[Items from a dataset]

::::::::::

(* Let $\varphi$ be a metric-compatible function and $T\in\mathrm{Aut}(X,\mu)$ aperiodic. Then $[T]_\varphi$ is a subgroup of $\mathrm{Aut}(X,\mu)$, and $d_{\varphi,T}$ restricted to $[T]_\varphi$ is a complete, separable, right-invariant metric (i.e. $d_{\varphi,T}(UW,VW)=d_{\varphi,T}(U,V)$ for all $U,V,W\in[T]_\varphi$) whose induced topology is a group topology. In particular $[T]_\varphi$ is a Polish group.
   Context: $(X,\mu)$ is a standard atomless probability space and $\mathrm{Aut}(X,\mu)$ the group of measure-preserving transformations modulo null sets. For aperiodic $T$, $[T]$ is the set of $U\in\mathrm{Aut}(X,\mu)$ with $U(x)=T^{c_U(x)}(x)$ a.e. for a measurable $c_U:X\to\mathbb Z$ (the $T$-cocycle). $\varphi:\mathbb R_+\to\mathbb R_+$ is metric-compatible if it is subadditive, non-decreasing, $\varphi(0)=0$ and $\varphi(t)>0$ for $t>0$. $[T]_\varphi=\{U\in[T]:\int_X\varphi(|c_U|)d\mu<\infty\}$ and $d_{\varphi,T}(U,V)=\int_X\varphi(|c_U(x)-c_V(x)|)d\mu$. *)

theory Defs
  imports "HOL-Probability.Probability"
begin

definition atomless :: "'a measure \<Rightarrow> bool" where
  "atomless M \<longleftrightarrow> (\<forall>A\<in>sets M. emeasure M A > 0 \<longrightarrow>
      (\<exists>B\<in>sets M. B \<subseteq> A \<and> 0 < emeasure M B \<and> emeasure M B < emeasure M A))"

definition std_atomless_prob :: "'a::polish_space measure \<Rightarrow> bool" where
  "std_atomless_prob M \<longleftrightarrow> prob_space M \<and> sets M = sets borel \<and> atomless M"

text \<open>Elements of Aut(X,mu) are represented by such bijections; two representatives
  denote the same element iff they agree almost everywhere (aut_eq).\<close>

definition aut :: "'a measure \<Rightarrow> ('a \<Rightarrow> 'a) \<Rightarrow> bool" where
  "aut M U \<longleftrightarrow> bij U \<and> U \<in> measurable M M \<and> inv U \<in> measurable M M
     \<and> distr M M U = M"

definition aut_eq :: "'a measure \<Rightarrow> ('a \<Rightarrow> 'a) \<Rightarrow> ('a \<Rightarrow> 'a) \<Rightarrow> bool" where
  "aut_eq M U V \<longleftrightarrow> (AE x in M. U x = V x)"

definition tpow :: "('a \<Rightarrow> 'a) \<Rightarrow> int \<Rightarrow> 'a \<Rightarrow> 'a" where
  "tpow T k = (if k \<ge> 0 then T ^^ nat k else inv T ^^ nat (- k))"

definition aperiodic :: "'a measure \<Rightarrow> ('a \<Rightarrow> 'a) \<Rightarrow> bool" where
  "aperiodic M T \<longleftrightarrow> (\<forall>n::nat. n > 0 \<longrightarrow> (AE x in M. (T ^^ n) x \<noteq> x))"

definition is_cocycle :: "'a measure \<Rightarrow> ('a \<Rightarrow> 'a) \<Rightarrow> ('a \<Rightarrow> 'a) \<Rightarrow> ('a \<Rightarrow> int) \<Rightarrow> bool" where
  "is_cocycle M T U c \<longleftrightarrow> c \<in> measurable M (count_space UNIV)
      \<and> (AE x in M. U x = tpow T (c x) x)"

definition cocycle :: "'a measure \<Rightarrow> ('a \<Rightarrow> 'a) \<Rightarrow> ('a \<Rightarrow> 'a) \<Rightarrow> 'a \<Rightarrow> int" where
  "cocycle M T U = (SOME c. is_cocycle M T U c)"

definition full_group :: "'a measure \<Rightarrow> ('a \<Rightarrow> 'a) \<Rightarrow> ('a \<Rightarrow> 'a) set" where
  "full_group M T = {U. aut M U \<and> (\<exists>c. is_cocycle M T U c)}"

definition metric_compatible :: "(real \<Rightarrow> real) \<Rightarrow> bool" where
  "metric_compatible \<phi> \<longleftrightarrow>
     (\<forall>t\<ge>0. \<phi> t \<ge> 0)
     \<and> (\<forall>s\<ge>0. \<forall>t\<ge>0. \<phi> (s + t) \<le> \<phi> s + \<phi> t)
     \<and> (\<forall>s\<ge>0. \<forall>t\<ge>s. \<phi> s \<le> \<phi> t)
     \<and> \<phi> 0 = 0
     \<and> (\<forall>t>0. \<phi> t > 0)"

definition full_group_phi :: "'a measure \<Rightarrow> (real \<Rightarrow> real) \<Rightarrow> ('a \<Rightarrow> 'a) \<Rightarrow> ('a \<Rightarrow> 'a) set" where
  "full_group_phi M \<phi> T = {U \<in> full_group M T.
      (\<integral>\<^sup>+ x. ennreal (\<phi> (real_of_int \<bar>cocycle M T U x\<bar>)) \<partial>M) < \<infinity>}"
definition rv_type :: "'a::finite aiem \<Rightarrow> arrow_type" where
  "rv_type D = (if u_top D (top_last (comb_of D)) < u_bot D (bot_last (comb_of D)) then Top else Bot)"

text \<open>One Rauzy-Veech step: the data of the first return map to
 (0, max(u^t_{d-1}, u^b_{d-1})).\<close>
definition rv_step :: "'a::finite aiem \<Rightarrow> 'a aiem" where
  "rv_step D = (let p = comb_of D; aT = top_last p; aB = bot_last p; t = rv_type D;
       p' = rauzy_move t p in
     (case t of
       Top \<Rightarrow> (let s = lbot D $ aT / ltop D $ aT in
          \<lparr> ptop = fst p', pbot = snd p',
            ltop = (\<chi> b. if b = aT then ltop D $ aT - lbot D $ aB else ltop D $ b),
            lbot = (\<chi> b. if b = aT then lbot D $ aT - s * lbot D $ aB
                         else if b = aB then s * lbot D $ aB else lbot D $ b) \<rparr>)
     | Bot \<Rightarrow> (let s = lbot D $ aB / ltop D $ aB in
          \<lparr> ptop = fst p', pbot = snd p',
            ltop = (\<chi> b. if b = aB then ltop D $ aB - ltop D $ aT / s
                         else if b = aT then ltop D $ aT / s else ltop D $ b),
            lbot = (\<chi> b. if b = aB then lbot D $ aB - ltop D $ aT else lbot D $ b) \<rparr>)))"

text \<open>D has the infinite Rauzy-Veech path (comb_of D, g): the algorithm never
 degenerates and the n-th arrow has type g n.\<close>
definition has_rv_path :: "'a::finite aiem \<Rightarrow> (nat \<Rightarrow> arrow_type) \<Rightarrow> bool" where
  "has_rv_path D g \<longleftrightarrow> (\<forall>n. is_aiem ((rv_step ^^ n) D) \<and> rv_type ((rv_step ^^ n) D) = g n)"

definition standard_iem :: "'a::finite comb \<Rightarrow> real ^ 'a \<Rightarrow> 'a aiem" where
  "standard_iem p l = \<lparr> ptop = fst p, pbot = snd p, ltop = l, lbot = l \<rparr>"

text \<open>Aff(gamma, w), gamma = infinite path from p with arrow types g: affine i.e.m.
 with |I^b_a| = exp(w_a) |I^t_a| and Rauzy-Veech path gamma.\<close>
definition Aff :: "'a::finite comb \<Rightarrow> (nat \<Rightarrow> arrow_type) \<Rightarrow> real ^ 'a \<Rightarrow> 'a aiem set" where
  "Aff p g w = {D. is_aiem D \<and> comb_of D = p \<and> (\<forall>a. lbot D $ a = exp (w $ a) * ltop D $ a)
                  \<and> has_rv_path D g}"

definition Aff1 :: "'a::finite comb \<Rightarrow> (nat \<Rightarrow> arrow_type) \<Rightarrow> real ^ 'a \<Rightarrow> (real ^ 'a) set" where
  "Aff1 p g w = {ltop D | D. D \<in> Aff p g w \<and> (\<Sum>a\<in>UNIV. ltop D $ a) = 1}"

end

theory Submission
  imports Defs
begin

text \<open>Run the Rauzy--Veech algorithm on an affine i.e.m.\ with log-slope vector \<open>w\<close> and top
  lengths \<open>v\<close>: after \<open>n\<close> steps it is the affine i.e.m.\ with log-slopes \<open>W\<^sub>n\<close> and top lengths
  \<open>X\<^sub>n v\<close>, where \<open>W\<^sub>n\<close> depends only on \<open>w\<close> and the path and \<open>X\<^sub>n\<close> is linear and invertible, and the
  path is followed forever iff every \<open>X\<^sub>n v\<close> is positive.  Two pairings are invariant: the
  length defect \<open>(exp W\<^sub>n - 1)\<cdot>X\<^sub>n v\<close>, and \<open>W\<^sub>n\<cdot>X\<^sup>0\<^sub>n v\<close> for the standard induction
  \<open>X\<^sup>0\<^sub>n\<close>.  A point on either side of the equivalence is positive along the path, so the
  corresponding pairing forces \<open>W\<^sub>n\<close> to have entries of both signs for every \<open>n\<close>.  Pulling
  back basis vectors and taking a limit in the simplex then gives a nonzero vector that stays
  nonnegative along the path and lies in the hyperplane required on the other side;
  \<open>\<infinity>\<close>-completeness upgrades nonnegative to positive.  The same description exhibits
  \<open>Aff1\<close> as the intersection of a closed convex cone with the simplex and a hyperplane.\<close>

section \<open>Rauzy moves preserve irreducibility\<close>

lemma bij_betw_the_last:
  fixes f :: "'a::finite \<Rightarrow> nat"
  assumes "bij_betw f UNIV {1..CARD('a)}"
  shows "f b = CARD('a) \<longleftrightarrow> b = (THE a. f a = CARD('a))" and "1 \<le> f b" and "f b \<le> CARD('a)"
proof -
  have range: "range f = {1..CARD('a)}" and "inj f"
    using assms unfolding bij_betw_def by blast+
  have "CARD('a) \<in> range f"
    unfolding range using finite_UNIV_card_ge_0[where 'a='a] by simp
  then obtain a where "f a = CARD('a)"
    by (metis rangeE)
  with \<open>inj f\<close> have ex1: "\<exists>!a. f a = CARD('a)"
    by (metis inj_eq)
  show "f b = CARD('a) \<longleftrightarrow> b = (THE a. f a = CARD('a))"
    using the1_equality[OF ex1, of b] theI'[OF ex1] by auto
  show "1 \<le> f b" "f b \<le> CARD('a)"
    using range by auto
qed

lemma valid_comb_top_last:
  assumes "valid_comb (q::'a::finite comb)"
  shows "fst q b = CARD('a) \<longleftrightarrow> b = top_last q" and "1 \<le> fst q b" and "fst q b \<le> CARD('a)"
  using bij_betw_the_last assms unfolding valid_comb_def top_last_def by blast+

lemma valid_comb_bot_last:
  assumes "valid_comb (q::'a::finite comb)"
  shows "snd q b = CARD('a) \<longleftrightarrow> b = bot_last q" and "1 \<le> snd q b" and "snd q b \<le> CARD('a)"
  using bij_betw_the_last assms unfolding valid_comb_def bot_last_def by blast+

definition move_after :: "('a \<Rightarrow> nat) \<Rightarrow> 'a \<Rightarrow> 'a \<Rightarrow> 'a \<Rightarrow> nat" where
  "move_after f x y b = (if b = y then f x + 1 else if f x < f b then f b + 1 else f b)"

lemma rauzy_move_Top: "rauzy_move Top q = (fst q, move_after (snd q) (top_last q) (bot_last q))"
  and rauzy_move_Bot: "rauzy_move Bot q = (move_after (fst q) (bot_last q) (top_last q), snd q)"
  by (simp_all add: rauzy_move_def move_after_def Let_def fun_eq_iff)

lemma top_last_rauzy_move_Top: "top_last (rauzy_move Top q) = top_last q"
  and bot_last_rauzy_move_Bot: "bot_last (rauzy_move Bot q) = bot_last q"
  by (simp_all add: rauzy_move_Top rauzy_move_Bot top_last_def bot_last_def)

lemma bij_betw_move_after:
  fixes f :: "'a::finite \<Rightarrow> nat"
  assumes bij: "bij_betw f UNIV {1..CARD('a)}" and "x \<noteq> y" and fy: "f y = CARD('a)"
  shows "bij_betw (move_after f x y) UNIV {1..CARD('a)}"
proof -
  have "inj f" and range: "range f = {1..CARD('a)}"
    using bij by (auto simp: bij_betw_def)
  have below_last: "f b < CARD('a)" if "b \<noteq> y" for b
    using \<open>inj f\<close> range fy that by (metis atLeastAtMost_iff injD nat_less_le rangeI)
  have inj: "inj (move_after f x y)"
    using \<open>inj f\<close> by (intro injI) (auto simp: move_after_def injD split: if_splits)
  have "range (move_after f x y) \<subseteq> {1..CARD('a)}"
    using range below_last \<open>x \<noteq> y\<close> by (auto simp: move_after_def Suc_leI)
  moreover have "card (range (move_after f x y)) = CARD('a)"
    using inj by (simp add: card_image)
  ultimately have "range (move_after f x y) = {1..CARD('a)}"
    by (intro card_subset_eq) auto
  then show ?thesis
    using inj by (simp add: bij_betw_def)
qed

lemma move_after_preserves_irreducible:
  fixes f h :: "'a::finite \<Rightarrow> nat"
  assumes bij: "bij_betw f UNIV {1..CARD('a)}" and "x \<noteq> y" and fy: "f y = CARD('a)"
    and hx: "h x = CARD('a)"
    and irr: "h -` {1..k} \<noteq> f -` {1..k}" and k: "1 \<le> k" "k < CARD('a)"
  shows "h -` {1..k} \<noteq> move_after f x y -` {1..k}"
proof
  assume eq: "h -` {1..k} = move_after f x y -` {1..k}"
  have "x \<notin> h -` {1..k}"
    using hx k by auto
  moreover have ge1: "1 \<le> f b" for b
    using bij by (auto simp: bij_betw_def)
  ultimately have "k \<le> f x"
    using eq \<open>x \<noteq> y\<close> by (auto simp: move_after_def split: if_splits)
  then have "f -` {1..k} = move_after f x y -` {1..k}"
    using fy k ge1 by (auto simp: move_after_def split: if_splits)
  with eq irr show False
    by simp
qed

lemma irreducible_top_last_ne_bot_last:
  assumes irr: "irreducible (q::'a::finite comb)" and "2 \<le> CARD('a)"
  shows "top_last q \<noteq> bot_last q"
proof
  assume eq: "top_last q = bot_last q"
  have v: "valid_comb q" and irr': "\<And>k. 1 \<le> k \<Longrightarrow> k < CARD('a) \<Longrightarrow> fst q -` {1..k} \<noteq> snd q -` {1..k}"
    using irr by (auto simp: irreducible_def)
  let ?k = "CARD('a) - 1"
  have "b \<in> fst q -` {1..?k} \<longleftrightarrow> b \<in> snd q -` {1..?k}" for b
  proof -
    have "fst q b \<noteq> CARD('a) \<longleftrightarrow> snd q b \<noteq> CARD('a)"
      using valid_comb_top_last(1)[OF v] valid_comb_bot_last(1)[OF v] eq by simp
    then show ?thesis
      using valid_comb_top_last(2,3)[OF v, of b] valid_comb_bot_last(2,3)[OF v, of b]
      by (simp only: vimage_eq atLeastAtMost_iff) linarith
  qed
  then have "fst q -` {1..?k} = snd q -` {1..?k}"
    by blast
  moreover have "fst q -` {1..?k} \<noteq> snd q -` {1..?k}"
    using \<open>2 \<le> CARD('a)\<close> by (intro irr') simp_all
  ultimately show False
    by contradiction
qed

::::::::::

- [WHAT YOU ARE ASKED TO DO]: Copy out the lines above exactly, beginning at the one that contains "using assms unfolding" and ending at the one that contains "using the1_equality[OF ex1, of".

- [SOLUTION FOR THIS PROBLEM]:
    using assms unfolding bij_betw_def by blast+
  have "CARD('a) \<in> range f"
    unfolding range using finite_UNIV_card_ge_0[where 'a='a] by simp
  then obtain a where "f a = CARD('a)"
    by (metis rangeE)
  with \<open>inj f\<close> have ex1: "\<exists>!a. f a = CARD('a)"
    by (metis inj_eq)
  show "f b = CARD('a) \<longleftrightarrow> b = (THE a. f a = CARD('a))"
    using the1_equality[OF ex1, of b] theI'[OF ex1] by auto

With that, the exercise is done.